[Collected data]
(* Let $E$, $D$, $S$ be binary random variables taking values in $\{0,1\}$ such that every joint cell probability $P(E=e,D=d,S=s)$ is positive, and write $p(d,e)=P(S=1\mid D=d,E=e)$ and $o(d,e)=p(d,e)/(1-p(d,e))$. Define the interaction measures $$I_{OR}=\frac{o(1,1)\,o(0,0)}{o(1,0)\,o(0,1)},\quad I_{RR}=\frac{p(1,1)\,p(0,0)}{p(1,0)\,p(0,1)},\quad I_{RD}=p(1,1)+p(0,0)-p(1,0)-p(0,1).$$ (a) Suppose that at least one of $I_{OR}\le 1$, $I_{RR}\le 1$, $I_{RD}\le 0$ holds (non-positive interaction of $E$ and $D$ on $S$ on the odds ratio, risk ratio, or risk difference scale, respectively), and that $p(d,e)$ is non-decreasing in both $d$ and $e$, or non-increasing in both $d$ and $e$. Then $\mathrm{OR}_{ED\mid S=1}\le \mathrm{OR}_{ED}$. (b) Suppose that at least one of $I_{OR}\ge 1$, $I_{RR}\ge 1$, $I_{RD}\ge 0$ holds (non-negative interaction on the corresponding scale), and that $p(d,e)$ is non-decreasing in one of $d,e$ and non-increasing in the other. Then $\mathrm{OR}_{ED\mid S=1}\ge \mathrm{OR}_{ED}$.
   Context: For binary random variables $A,B$ and a random variable $C$, $\mathrm{OR}_{AB\mid C=c}=\frac{P(A=1,B=1\mid C=c)P(A=0,B=0\mid C=c)}{P(A=1,B=0\mid C=c)P(A=0,B=1\mid C=c)}$ and $\mathrm{OR}_{AB}$ is the unconditional version. "Non-decreasing in $d$" means $p(1,e)\ge p(0,e)$ for each $e\in\{0,1\}$; "non-decreasing in $e$" means $p(d,1)\ge p(d,0)$ for each $d\in\{0,1\}$; non-increasing analogously. *)

theory Defs
  imports Complex_Main
begin

text \<open>A joint distribution of binary random variables E, D, S is given by its cell
  probabilities q e d s = P(E=e, D=d, S=s), for e, d, s in {0,1}.\<close>

definition is_joint_dist :: "(nat \<Rightarrow> nat \<Rightarrow> nat \<Rightarrow> real) \<Rightarrow> bool" where
  "is_joint_dist q \<longleftrightarrow> (\<forall>e\<in>{0,1}. \<forall>d\<in>{0,1}. \<forall>s\<in>{0,1}. q e d s > 0)
     \<and> (\<Sum>e\<in>{0,1::nat}. \<Sum>d\<in>{0,1::nat}. \<Sum>s\<in>{0,1::nat}. q e d s) = 1"

definition P_ED :: "(nat \<Rightarrow> nat \<Rightarrow> nat \<Rightarrow> real) \<Rightarrow> nat \<Rightarrow> nat \<Rightarrow> real" where
  "P_ED q e d = (\<Sum>s\<in>{0,1::nat}. q e d s)"

definition P_S :: "(nat \<Rightarrow> nat \<Rightarrow> nat \<Rightarrow> real) \<Rightarrow> nat \<Rightarrow> real" where
  "P_S q s = (\<Sum>e\<in>{0,1::nat}. \<Sum>d\<in>{0,1::nat}. q e d s)"

definition pS :: "(nat \<Rightarrow> nat \<Rightarrow> nat \<Rightarrow> real) \<Rightarrow> nat \<Rightarrow> nat \<Rightarrow> real" where
  "pS q d e = q e d 1 / P_ED q e d"

definition oS :: "(nat \<Rightarrow> nat \<Rightarrow> nat \<Rightarrow> real) \<Rightarrow> nat \<Rightarrow> nat \<Rightarrow> real" where
  "oS q d e = pS q d e / (1 - pS q d e)"

definition I_OR :: "(nat \<Rightarrow> nat \<Rightarrow> nat \<Rightarrow> real) \<Rightarrow> real" where
  "I_OR q = (oS q 1 1 * oS q 0 0) / (oS q 1 0 * oS q 0 1)"

definition I_RR :: "(nat \<Rightarrow> nat \<Rightarrow> nat \<Rightarrow> real) \<Rightarrow> real" where
  "I_RR q = (pS q 1 1 * pS q 0 0) / (pS q 1 0 * pS q 0 1)"

definition I_RD :: "(nat \<Rightarrow> nat \<Rightarrow> nat \<Rightarrow> real) \<Rightarrow> real" where
  "I_RD q = pS q 1 1 + pS q 0 0 - pS q 1 0 - pS q 0 1"

definition OR_ED :: "(nat \<Rightarrow> nat \<Rightarrow> nat \<Rightarrow> real) \<Rightarrow> real" where
  "OR_ED q = (P_ED q 1 1 * P_ED q 0 0) / (P_ED q 1 0 * P_ED q 0 1)"

definition P_ED_given_S :: "(nat \<Rightarrow> nat \<Rightarrow> nat \<Rightarrow> real) \<Rightarrow> nat \<Rightarrow> nat \<Rightarrow> nat \<Rightarrow> real" where
  "P_ED_given_S q e d s = q e d s / P_S q s"

definition OR_ED_given_S :: "(nat \<Rightarrow> nat \<Rightarrow> nat \<Rightarrow> real) \<Rightarrow> nat \<Rightarrow> real" where
  "OR_ED_given_S q s = (P_ED_given_S q 1 1 s * P_ED_given_S q 0 0 s)
                     / (P_ED_given_S q 1 0 s * P_ED_given_S q 0 1 s)"

definition nondec_d :: "(nat \<Rightarrow> nat \<Rightarrow> real) \<Rightarrow> bool" where
  "nondec_d p \<longleftrightarrow> (\<forall>e\<in>{0,1}. p 1 e \<ge> p 0 e)"
definition nondec_e :: "(nat \<Rightarrow> nat \<Rightarrow> real) \<Rightarrow> bool" where
  "nondec_e p \<longleftrightarrow> (\<forall>d\<in>{0,1}. p d 1 \<ge> p d 0)"
definition noninc_d :: "(nat \<Rightarrow> nat \<Rightarrow> real) \<Rightarrow> bool" where
  "noninc_d p \<longleftrightarrow> (\<forall>e\<in>{0,1}. p 1 e \<le> p 0 e)"
definition noninc_e :: "(nat \<Rightarrow> nat \<Rightarrow> real) \<Rightarrow> bool" where
  "noninc_e p \<longleftrightarrow> (\<forall>d\<in>{0,1}. p d 1 \<le> p d 0)"

end

theory Submission
  imports Defs
begin

text \<open>Conditioning on \<open>S = 1\<close> reweights the cell \<open>(e, d)\<close> by \<open>p(d,e)\<close>, so
  \<open>OR(E, D | S = 1) = I_RR \<cdot> OR(E, D)\<close> and both parts reduce to comparing \<open>I_RR\<close> with 1.
  Write \<open>a b\<close> for the risks \<open>p(1,1), p(0,0)\<close> and \<open>c d\<close> for \<open>p(1,0), p(0,1)\<close>.
  Concordant monotonicity puts the smallest risk \<open>m\<close> among \<open>a, b\<close>, and then
  \<open>a b - c d = (a + b - c - d) m - (c - m)(d - m)\<close>:
  a non-positive risk difference forces \<open>a b \<le> c d\<close> directly, and so does an odds-ratio
  interaction \<open>\<le> 1\<close>, because \<open>a b > c d\<close> would give \<open>(1 - a)(1 - b) < (1 - c)(1 - d)\<close>.
  Discordant monotonicity is the same argument with the roles of \<open>a, b\<close> and \<open>c, d\<close> swapped.\<close>

definition odds :: "real \<Rightarrow> real" where
  "odds p = p / (1 - p)"

lemma mult_diff_le_add_diff_mult_min:
  fixes a b c d :: real
  assumes "min a b \<le> min c d"
  shows "a * b - c * d \<le> (a + b - c - d) * min a b"
proof -
  have "a * b - c * d - (a + b - c - d) * min a b = - ((c - min a b) * (d - min a b))"
    by (cases "a \<le> b") (simp_all add: min_def algebra_simps)
  moreover have "(c - min a b) * (d - min a b) \<ge> 0"
    using assms by simp
  ultimately show ?thesis by linarith
qed

lemma mult_le_mult_if_add_le:
  fixes a b c d :: real
  assumes "0 \<le> min a b" "min a b \<le> min c d" "a + b \<le> c + d"
  shows "a * b \<le> c * d"
proof -
  have "(a + b - c - d) * min a b \<le> 0"
    using assms(1,3) by (simp add: mult_nonpos_nonneg)
  with mult_diff_le_add_diff_mult_min[OF assms(2)] show ?thesis by linarith
qed

lemma mult_le_mult_if_odds_mult_le:
  fixes a b c d :: real
  assumes "a \<in> {0<..<1}" "b \<in> {0<..<1}" "c \<in> {0<..<1}" "d \<in> {0<..<1}"
    and min_le: "min a b \<le> min c d"
    and odds_le: "odds a * odds b \<le> odds c * odds d"
  shows "a * b \<le> c * d"
proof (rule ccontr)
  assume "\<not> a * b \<le> c * d"
  then have gt: "c * d < a * b" by simp
  have m: "0 < min a b" "min a b < 1"
    using assms(1,2) by auto
  have diff_le: "a * b - c * d \<le> (a + b - c - d) * min a b"
    using mult_diff_le_add_diff_mult_min[OF min_le] .
  with gt have "0 < (a + b - c - d) * min a b" by linarith
  then have "0 < a + b - c - d"
    using m(1) by (rule zero_less_mult_pos2)
  with m(2) have "(a + b - c - d) * min a b < a + b - c - d"
    by simp
  with diff_le have "(1 - a) * (1 - b) < (1 - c) * (1 - d)"
    by (simp add: algebra_simps)
  then have "c * d / ((1 - c) * (1 - d)) < a * b / ((1 - a) * (1 - b))"
    using assms(1-4) gt by (intro frac_less2) auto
  with odds_le show False
    by (simp add: odds_def)
qed

lemma min_le_min_if_concordant:
  fixes p :: "nat \<Rightarrow> nat \<Rightarrow> real"
  assumes "(nondec_d p \<and> nondec_e p) \<or> (noninc_d p \<and> noninc_e p)"
  shows "min (p 1 1) (p 0 0) \<le> min (p 1 0) (p 0 1)"
  using assms unfolding nondec_d_def nondec_e_def noninc_d_def noninc_e_def by auto

lemma min_le_min_if_discordant:
  fixes p :: "nat \<Rightarrow> nat \<Rightarrow> real"
  assumes "(nondec_d p \<and> noninc_e p) \<or> (noninc_d p \<and> nondec_e p)"
  shows "min (p 1 0) (p 0 1) \<le> min (p 1 1) (p 0 0)"
  using assms unfolding nondec_d_def nondec_e_def noninc_d_def noninc_e_def by auto

lemma joint_dist_pos:
  assumes "is_joint_dist q" "e \<in> {0, 1}" "d \<in> {0, 1}" "s \<in> {0, 1}"
  shows "0 < q e d s"
  using assms unfolding is_joint_dist_def by blast

lemma P_ED_pos:
  assumes "is_joint_dist q" "e \<in> {0, 1}" "d \<in> {0, 1}"
  shows "0 < P_ED q e d"
  using joint_dist_pos[OF assms, of 0] joint_dist_pos[OF assms, of 1]
  by (simp add: P_ED_def)

lemma pS_bounds:
  assumes "is_joint_dist q" "e \<in> {0, 1}" "d \<in> {0, 1}"
  shows "pS q d e \<in> {0<..<1}"
  using joint_dist_pos[OF assms, of 0] joint_dist_pos[OF assms, of 1]
  by (simp add: pS_def P_ED_def field_simps)

lemma odds_pS_pos:
  assumes "is_joint_dist q" "e \<in> {0, 1}" "d \<in> {0, 1}"
  shows "0 < odds (pS q d e)"
  using pS_bounds[OF assms] by (simp add: odds_def)

lemma OR_ED_pos:
  assumes "is_joint_dist q"
  shows "0 < OR_ED q"
  using P_ED_pos[OF assms] by (simp add: OR_ED_def)

lemma OR_ED_given_S_1_eq:
  assumes "is_joint_dist q"
  shows "OR_ED_given_S q 1 = I_RR q * OR_ED q"
proof -
  have cell: "q e d 1 = pS q d e * P_ED q e d" if "e \<in> {0, 1}" "d \<in> {0, 1}" for e d
    using P_ED_pos[OF assms that] by (simp add: pS_def)
  then have cells: "q 1 1 1 = pS q 1 1 * P_ED q 1 1" "q 0 0 1 = pS q 0 0 * P_ED q 0 0"
      "q 1 0 1 = pS q 0 1 * P_ED q 1 0" "q 0 1 1 = pS q 1 0 * P_ED q 0 1"
    by simp_all
  have "0 < P_S q 1"
    using joint_dist_pos[OF assms, of _ _ 1] by (simp add: P_S_def add_pos_pos)
  moreover have "0 < pS q 1 0" "0 < pS q 0 1" "0 < P_ED q 1 0" "0 < P_ED q 0 1"
    using pS_bounds[OF assms] P_ED_pos[OF assms] by auto
  ultimately show ?thesis
    unfolding OR_ED_given_S_def P_ED_given_S_def I_RR_def OR_ED_def cells
    by (simp add: field_simps)
qed

lemma I_RR_le_1_if_nonpositive_interaction:
  assumes "is_joint_dist q"
    and min_le: "min (pS q 1 1) (pS q 0 0) \<le> min (pS q 1 0) (pS q 0 1)"
    and "I_OR q \<le> 1 \<or> I_RR q \<le> 1 \<or> I_RD q \<le> 0"
  shows "I_RR q \<le> 1"
proof -
  have risks: "pS q 1 1 \<in> {0<..<1}" "pS q 0 0 \<in> {0<..<1}" "pS q 1 0 \<in> {0<..<1}" "pS q 0 1 \<in> {0<..<1}"
    using pS_bounds[OF assms(1)] by auto
  then have RR_iff: "I_RR q \<le> 1 \<longleftrightarrow> pS q 1 1 * pS q 0 0 \<le> pS q 1 0 * pS q 0 1"
    by (simp add: I_RR_def divide_le_eq_1_pos)
  have "odds (pS q 1 0) * odds (pS q 0 1) > 0"
    using odds_pS_pos[OF assms(1)] by simp
  then have OR_iff: "I_OR q \<le> 1 \<longleftrightarrow>
      odds (pS q 1 1) * odds (pS q 0 0) \<le> odds (pS q 1 0) * odds (pS q 0 1)"
    by (simp add: I_OR_def oS_def odds_def[symmetric] divide_le_eq_1_pos)
  from assms(3) consider "I_OR q \<le> 1" | "I_RR q \<le> 1" | "I_RD q \<le> 0" by blast
  then show ?thesis
  proof cases
    case 1
    then show ?thesis
      using mult_le_mult_if_odds_mult_le[OF risks min_le] unfolding RR_iff OR_iff by blast
  next
    case 2
    then show ?thesis .
  next
    case 3
    then show ?thesis
      using mult_le_mult_if_add_le[OF _ min_le] risks unfolding RR_iff I_RD_def by simp
  qed
qed

lemma I_RR_ge_1_if_nonnegative_interaction:
  assumes "is_joint_dist q"
    and min_le: "min (pS q 1 0) (pS q 0 1) \<le> min (pS q 1 1) (pS q 0 0)"
    and "I_OR q \<ge> 1 \<or> I_RR q \<ge> 1 \<or> I_RD q \<ge> 0"
  shows "I_RR q \<ge> 1"
proof -
  have risks: "pS q 1 0 \<in> {0<..<1}" "pS q 0 1 \<in> {0<..<1}" "pS q 1 1 \<in> {0<..<1}" "pS q 0 0 \<in> {0<..<1}"
    using pS_bounds[OF assms(1)] by auto
  then have RR_iff: "I_RR q \<ge> 1 \<longleftrightarrow> pS q 1 0 * pS q 0 1 \<le> pS q 1 1 * pS q 0 0"
    by (simp add: I_RR_def le_divide_eq_1_pos)
  have "odds (pS q 1 0) * odds (pS q 0 1) > 0"
    using odds_pS_pos[OF assms(1)] by simp
  then have OR_iff: "I_OR q \<ge> 1 \<longleftrightarrow>
      odds (pS q 1 0) * odds (pS q 0 1) \<le> odds (pS q 1 1) * odds (pS q 0 0)"
    by (simp add: I_OR_def oS_def odds_def[symmetric] le_divide_eq_1_pos)
  from assms(3) consider "I_OR q \<ge> 1" | "I_RR q \<ge> 1" | "I_RD q \<ge> 0" by blast
  then show ?thesis
  proof cases
    case 1
    then show ?thesis
      using mult_le_mult_if_odds_mult_le[OF risks min_le] unfolding RR_iff OR_iff by blast
  next
    case 2
    then show ?thesis .
  next
    case 3
    then show ?thesis
      using mult_le_mult_if_add_le[OF _ min_le] risks unfolding RR_iff I_RD_def by simp
  qed
qed

theorem mainTheorem4:
  fixes q :: "nat \<Rightarrow> nat \<Rightarrow> nat \<Rightarrow> real"
  assumes "is_joint_dist q"
  shows "((I_OR q \<le> 1 \<or> I_RR q \<le> 1 \<or> I_RD q \<le> 0) \<and>
          ((nondec_d (pS q) \<and> nondec_e (pS q)) \<or> (noninc_d (pS q) \<and> noninc_e (pS q)))
          \<longrightarrow> OR_ED_given_S q 1 \<le> OR_ED q)
       \<and> ((I_OR q \<ge> 1 \<or> I_RR q \<ge> 1 \<or> I_RD q \<ge> 0) \<and>
          ((nondec_d (pS q) \<and> noninc_e (pS q)) \<or> (noninc_d (pS q) \<and> nondec_e (pS q)))
          \<longrightarrow> OR_ED_given_S q 1 \<ge> OR_ED q)"
proof (intro conjI impI; elim conjE)
  assume "I_OR q \<le> 1 \<or> I_RR q \<le> 1 \<or> I_RD q \<le> 0"
    and "(nondec_d (pS q) \<and> nondec_e (pS q)) \<or> (noninc_d (pS q) \<and> noninc_e (pS q))"
  then have "I_RR q \<le> 1"
    using assms by (intro I_RR_le_1_if_nonpositive_interaction min_le_min_if_concordant)
  then show "OR_ED_given_S q 1 \<le> OR_ED q"
    using OR_ED_given_S_1_eq[OF assms] OR_ED_pos[OF assms] by (simp add: mult_le_cancel_right2)
next
  assume "I_OR q \<ge> 1 \<or> I_RR q \<ge> 1 \<or> I_RD q \<ge> 0"
    and "(nondec_d (pS q) \<and> noninc_e (pS q)) \<or> (noninc_d (pS q) \<and> nondec_e (pS q))"
  then have "I_RR q \<ge> 1"
    using assms by (intro I_RR_ge_1_if_nonnegative_interaction min_le_min_if_discordant)
  then show "OR_ED_given_S q 1 \<ge> OR_ED q"
    using OR_ED_given_S_1_eq[OF assms] OR_ED_pos[OF assms] by (simp add: mult_le_cancel_right1)
qed

end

• _WHAT THE EXERCISE ASKS_: All lines in the data that contain the word "ultimately" should be copied.

• _RESPONSE TO THIS EXERCISE_:
  ultimately show ?thesis by linarith
  ultimately show ?thesis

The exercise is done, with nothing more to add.